» Requirement:
Please print the records below word for word.

Data extracted from a collection
(* $\mathbb{R}_{\mathcal{E}^2}\subsetneq\mathbb{R}_{\mathcal{E}^3}$; that is, every $\mathcal{E}^2$-computable real is $\mathcal{E}^3$-computable, and there exists a real number $\alpha$ that is $\mathcal{E}^3$-computable but not $\mathcal{E}^2$-computable.
   Context: $\mathbb{N}=\{0,1,2,\dots\}$. Initial functions: $Z(x)=0$, $S(x)=x+1$, projections $P^n_i(x_1,\dots,x_n)=x_i$. Define $f_0(x,y)=x+1$, $f_1(x,y)=x+y$, $f_2(x,y)=xy$, and for $n\ge2$: $f_{n+1}(x,0)=1$, $f_{n+1}(x,y+1)=f_n(x,f_{n+1}(x,y))$. A function $f$ is obtained by primitive recursion from $g:\mathbb{N}^{m-1}\to\mathbb{N}$, $h:\mathbb{N}^{m+1}\to\mathbb{N}$ if $f(0,\bar x)=g(\bar x)$ and $f(x+1,\bar x)=h(x,f(x,\bar x),\bar x)$; it is obtained by bounded primitive recursion from $g,h,j$ if moreover $f(x,\bar x)\le j(x,\bar x)$ for all arguments. The Grzegorczyk class $\mathcal{E}^n$ is the smallest set of functions containing the initial functions and $f_n$ and closed under composition and bounded primitive recursion (with $g,h,j$ in the class). For a class $\mathcal{F}$ of functions $\mathbb{N}^k\to\mathbb{N}$, an $\mathcal{F}$-sequence is $A(x)=\frac{f(x)-g(x)}{h(x)+1}$ with $f,g,h:\mathbb{N}\to\mathbb{N}$ in $\mathcal{F}$, and $\alpha\in\mathbb{R}$ is $\mathcal{F}$-computable if some $\mathcal{F}$-sequence $A$ satisfies $|A(x)-\alpha|\le\frac1{x+1}$ for all $x$; $\mathbb{R}_{\mathcal{F}}$ denotes the set of $\mathcal{F}$-computable reals. *)

theory Defs
  imports Complex_Main
begin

» Answer:
(* $\mathbb{R}_{\mathcal{E}^2}\subsetneq\mathbb{R}_{\mathcal{E}^3}$; that is, every $\mathcal{E}^2$-computable real is $\mathcal{E}^3$-computable, and there exists a real number $\alpha$ that is $\mathcal{E}^3$-computable but not $\mathcal{E}^2$-computable.
   Context: $\mathbb{N}=\{0,1,2,\dots\}$. Initial functions: $Z(x)=0$, $S(x)=x+1$, projections $P^n_i(x_1,\dots,x_n)=x_i$. Define $f_0(x,y)=x+1$, $f_1(x,y)=x+y$, $f_2(x,y)=xy$, and for $n\ge2$: $f_{n+1}(x,0)=1$, $f_{n+1}(x,y+1)=f_n(x,f_{n+1}(x,y))$. A function $f$ is obtained by primitive recursion from $g:\mathbb{N}^{m-1}\to\mathbb{N}$, $h:\mathbb{N}^{m+1}\to\mathbb{N}$ if $f(0,\bar x)=g(\bar x)$ and $f(x+1,\bar x)=h(x,f(x,\bar x),\bar x)$; it is obtained by bounded primitive recursion from $g,h,j$ if moreover $f(x,\bar x)\le j(x,\bar x)$ for all arguments. The Grzegorczyk class $\mathcal{E}^n$ is the smallest set of functions containing the initial functions and $f_n$ and closed under composition and bounded primitive recursion (with $g,h,j$ in the class). For a class $\mathcal{F}$ of functions $\mathbb{N}^k\to\mathbb{N}$, an $\mathcal{F}$-sequence is $A(x)=\frac{f(x)-g(x)}{h(x)+1}$ with $f,g,h:\mathbb{N}\to\mathbb{N}$ in $\mathcal{F}$, and $\alpha\in\mathbb{R}$ is $\mathcal{F}$-computable if some $\mathcal{F}$-sequence $A$ satisfies $|A(x)-\alpha|\le\frac1{x+1}$ for all $x$; $\mathbb{R}_{\mathcal{F}}$ denotes the set of $\mathcal{F}$-computable reals. *)

theory Defs
  imports Complex_Main
begin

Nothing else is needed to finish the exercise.